::: Data to process :::
(* Let $k\ge1$, $m\ge1$, $h\ge0$ be fixed integers. For the random key graph $G(n,X_n,Y_n)$ with $X_n\ge2$ for all large $n$ and edge probability $q_n=\frac{\ln n+(k-1)\ln\ln n+\alpha_n}{n}$ with $\alpha_n=o(\ln n)$, let $N_i$ ($1\le i\le m$) be the set of nodes in $\{v_{m+1},\dots,v_n\}$ adjacent to $v_i$. Then $$\mathbb{P}\Big[\Big|\bigcup_{i=1}^m N_i\Big|\le hm-1\Big]=o\big((nq_n)^{hm}e^{-mnq_n}\big)\quad(n\to\infty).$$
   Context: The random key graph $G(n,X_n,Y_n)$ (with $1\le X_n\le Y_n$ integers depending on $n$) has node set $\{v_1,\dots,v_n\}$; each node $v_i$ is independently assigned a set $S_i$ of $X_n$ distinct objects chosen uniformly at random among all $X_n$-element subsets of a pool of $Y_n$ objects; an undirected edge joins $v_i$ and $v_j$ ($i\ne j$) iff $S_i\cap S_j\neq\emptyset$. The edge probability is $q_n=1-\binom{Y_n-X_n}{X_n}/\binom{Y_n}{X_n}$. *)

theory Defs
  imports "HOL-Probability.Probability" "HOL-Library.Landau_Symbols"
begin

text \<open>Nodes v_1..v_n are represented by indices 0..n-1
  (v_i corresponds to index i-1).\<close>

definition key_rings :: "nat \<Rightarrow> nat \<Rightarrow> nat set set" where
  "key_rings X Y = {S. S \<subseteq> {..<Y} \<and> card S = X}"

definition rkg :: "nat \<Rightarrow> nat \<Rightarrow> nat \<Rightarrow> (nat \<Rightarrow> nat set) pmf" where
  "rkg n X Y = Pi_pmf {..<n} {} (\<lambda>_. pmf_of_set (key_rings X Y))"

definition rkg_adj :: "(nat \<Rightarrow> nat set) \<Rightarrow> nat \<Rightarrow> nat \<Rightarrow> bool" where
  "rkg_adj S i j \<longleftrightarrow> i \<noteq> j \<and> S i \<inter> S j \<noteq> {}"

definition rkg_edge_prob :: "nat \<Rightarrow> nat \<Rightarrow> real" where
  "rkg_edge_prob X Y = 1 - real ((Y - X) choose X) / real (Y choose X)"

text \<open>N_i (1 \<le> i \<le> m): nodes among v_{m+1},...,v_n adjacent to v_i; with 0-based
  indices, node i-1 and nodes j with m \<le> j < n.\<close>
definition nbr_set :: "nat \<Rightarrow> nat \<Rightarrow> (nat \<Rightarrow> nat set) \<Rightarrow> nat \<Rightarrow> nat set" where
  "nbr_set n m S i = {j. m \<le> j \<and> j < n \<and> rkg_adj S (i - 1) j}"

end

theory Submission
  imports Defs "HOL-Real_Asymp.Real_Asymp"
begin

text \<open>Condition on the key rings of \<open>v\<^sub>1, \<dots>, v\<^sub>m\<close> and let \<open>T\<close> be their union. Each of
  the other \<open>n - m\<close> nodes then lies in \<open>\<Union>i. N\<^sub>i\<close> independently, namely iff its ring meets
  \<open>T\<close>, which happens with probability \<open>p\<^sub>T\<close>. So \<open>card (\<Union>i. N\<^sub>i)\<close> is binomial, and its
  lower tail up to \<open>r = h m - 1\<close> is at most \<open>(r + 1) * max 1 (n p\<^sub>T) ^ r * (1 - p\<^sub>T) ^ (n - m - r)\<close>.
  Comparing binomial coefficients gives \<open>1 - p\<^sub>T \<le> exp (- card T * H)\<close> with
  \<open>H = (\<Sum>i<X. 1 / (Y - i)) \<ge> q / X\<close>, so everything reduces to the expectation of \<open>\<rho> ^ card T\<close>
  for \<open>\<rho> = exp (- (n - m - r) H)\<close>. Were the rings disjoint this would be
  \<open>\<rho> ^ (m X) \<approx> exp (- m n q)\<close>; overlaps cost at most a factor \<open>e\<close> as long as \<open>n q \<le> 3/2 ln n\<close>
  (this is where \<open>X \<ge> 2\<close> enters). Hence the probability is \<open>O ((n q) ^ (h m - 1) exp (- m n q))\<close>,
  which is \<open>o ((n q) ^ (h m) exp (- m n q))\<close> because \<open>n q \<ge> 3/4 ln n \<rightarrow> \<infinity>\<close>.\<close>

section \<open>Uniformly random key rings\<close>

abbreviation key_ring_pmf :: "nat \<Rightarrow> nat \<Rightarrow> nat set pmf" where
  "key_ring_pmf X Y \<equiv> pmf_of_set (key_rings X Y)"

lemma finite_key_rings: "finite (key_rings X Y)"
  unfolding key_rings_def by (rule finite_subset[of _ "Pow {..<Y}"]) auto

lemma card_key_rings: "card (key_rings X Y) = Y choose X"
  unfolding key_rings_def using n_subsets[of "{..<Y}" X] by simp

lemma key_rings_nonempty: "X \<le> Y \<Longrightarrow> key_rings X Y \<noteq> {}"
proof -
  assume "X \<le> Y"
  then have "{..<X} \<in> key_rings X Y" by (auto simp: key_rings_def)
  then show ?thesis by auto
qed

lemma key_ringsD:
  assumes "S \<in> key_rings X Y"
  shows "S \<subseteq> {..<Y}" "card S = X" "finite S"
  using assms unfolding key_rings_def by (auto intro: finite_subset)

lemma set_pmf_key_ring_pmf: "X \<le> Y \<Longrightarrow> set_pmf (key_ring_pmf X Y) = key_rings X Y"
  by (simp add: finite_key_rings key_rings_nonempty)

lemma card_key_rings_disjoint:
  assumes "T \<subseteq> {..<Y}"
  shows "card {S\<in>key_rings X Y. S \<inter> T = {}} = (Y - card T) choose X"
proof -
  have "{S\<in>key_rings X Y. S \<inter> T = {}} = {S. S \<subseteq> {..<Y} - T \<and> card S = X}"
    unfolding key_rings_def by auto
  moreover have "card ({..<Y} - T) = Y - card T"
    using assms by (simp add: card_Diff_subset finite_subset)
  ultimately show ?thesis using n_subsets[of "{..<Y} - T" X] by simp
qed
:::
Task brief ::
Find where the line with "using assms unfolding" sits in the material above, then copy exactly from it through the line with "T \<and> card". Add no other line.

Final answer ::
  using assms unfolding key_rings_def by (auto intro: finite_subset)

lemma set_pmf_key_ring_pmf: "X \<le> Y \<Longrightarrow> set_pmf (key_ring_pmf X Y) = key_rings X Y"
  by (simp add: finite_key_rings key_rings_nonempty)

lemma card_key_rings_disjoint:
  assumes "T \<subseteq> {..<Y}"
  shows "card {S\<in>key_rings X Y. S \<inter> T = {}} = (Y - card T) choose X"
proof -
  have "{S\<in>key_rings X Y. S \<inter> T = {}} = {S. S \<subseteq> {..<Y} - T \<and> card S = X}"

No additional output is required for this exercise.